(* A vertex is uniquely covered by a set F of edges if it lies in the support of B e for exactly
   one e in F.  When F is closed under meeting supports, every other summand of \<Sigma>B vanishes at
   such a vertex, so it lies in the support of \<Sigma>B.  Double counting the incidences between
   vertices and edges of F shows that at least
     \<Sum>|supp B e| - 2 (\<Sum>|e| - |\<Union>F|) \<ge> 3|F| - 2 * 1.1 |F| = 4/5 |F|
   vertices are uniquely covered, by almost-acyclicity.  Taking F = E gives the bound 4/5 |E|.
   Taking for F the edges inside a component with at least two vertices gives at least two such
   vertices per component (three if |F| = 1, and more than 8/5 otherwise), and components are
   disjoint. *)

definition uniquely_covered :: "'i set \<Rightarrow> ('i \<Rightarrow> 'v set) \<Rightarrow> 'v set" where
  "uniquely_covered F s = {v. card {e \<in> F. v \<in> s e} = 1}"

lemma uniquely_covered_iff: "v \<in> uniquely_covered F s \<longleftrightarrow> (\<exists>e. {e' \<in> F. v \<in> s e'} = {e})"
  by (simp add: uniquely_covered_def card_1_singleton_iff)

lemma uniquely_covered_subset_Union: "uniquely_covered F s \<subseteq> (\<Union>e\<in>F. s e)"
proof
  fix v assume "v \<in> uniquely_covered F s"
  then obtain e where "{e' \<in> F. v \<in> s e'} = {e}"
    by (auto simp: uniquely_covered_iff)
  then show "v \<in> (\<Union>e\<in>F. s e)"
    by blast
qed

lemma uniquely_covered_singleton: "uniquely_covered {e} s = s e"
proof -
  have "{e' \<in> {e}. v \<in> s e'} = (if v \<in> s e then {e} else {})" for v
    by auto
  then show ?thesis
    by (auto simp: uniquely_covered_def)
qed

lemma card_uniquely_covered_ge:
  fixes A s :: "'i \<Rightarrow> 'v set"
  assumes F: "finite F" and A: "\<And>e. e \<in> F \<Longrightarrow> finite (A e)"
    and sA: "\<And>e. e \<in> F \<Longrightarrow> s e \<subseteq> A e"
  shows "real (\<Sum>e\<in>F. card (s e)) - 2 * (real (\<Sum>e\<in>F. card (A e)) - real (card (\<Union>e\<in>F. A e)))
           \<le> real (card (uniquely_covered F s))"
proof -
  define W where "W = (\<Union>e\<in>F. A e)"
  define m where "m v = card {e \<in> F. v \<in> s e}" for v
  define M where "M v = card {e \<in> F. v \<in> A e}" for v
  have W: "finite W" using F A by (simp add: W_def)
  have "uniquely_covered F s \<subseteq> W"
    using uniquely_covered_subset_Union[of F s] sA by (force simp: W_def)
  then have "uniquely_covered F s = {v \<in> W. m v = 1}"
    by (auto simp: uniquely_covered_def m_def)
  then have unique: "real (card (uniquely_covered F s)) = (\<Sum>v\<in>W. if m v = 1 then 1 else 0)"
    using W by (simp add: sum.If_cases Int_def conj_commute)
  have pointwise: "real (m v) - 2 * (real (M v) - 1) \<le> (if m v = 1 then 1 else 0)" if "v \<in> W" for v
  proof -
    have "{e \<in> F. v \<in> A e} \<noteq> {}" using that by (auto simp: W_def)
    then have "1 \<le> M v" using F by (simp add: M_def Suc_le_eq card_gt_0_iff)
    moreover have "m v \<le> M v" unfolding m_def M_def by (rule card_mono) (use F sA in auto)
    ultimately show ?thesis by auto
  qed
  have sum_m: "(\<Sum>v\<in>W. m v) = (\<Sum>e\<in>F. card (s e))"
    unfolding m_def
    by (rule sum_multicount_gen[OF W F]) (use sA in \<open>auto simp: W_def intro!: arg_cong[where f = card]\<close>)
  have sum_M: "(\<Sum>v\<in>W. M v) = (\<Sum>e\<in>F. card (A e))"
    unfolding M_def
    by (rule sum_multicount_gen[OF W F]) (auto simp: W_def intro!: arg_cong[where f = card])
  have "real (\<Sum>e\<in>F. card (s e)) - 2 * (real (\<Sum>e\<in>F. card (A e)) - real (card W))
      = (\<Sum>v\<in>W. real (m v) - 2 * (real (M v) - 1))"
    by (simp add: sum_m [symmetric] sum_M [symmetric] of_nat_sum sum_subtractf sum.distrib
        sum_distrib_left algebra_simps)
  also have "\<dots> \<le> (\<Sum>v\<in>W. if m v = 1 then 1 else 0)"
    by (rule sum_mono) (rule pointwise)
  finally show ?thesis by (simp add: unique W_def)
qed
========================================================================
Aim of the task – Check each line of the data above for the word "component". Report how many lines have it, and nothing else.

Answer below – 2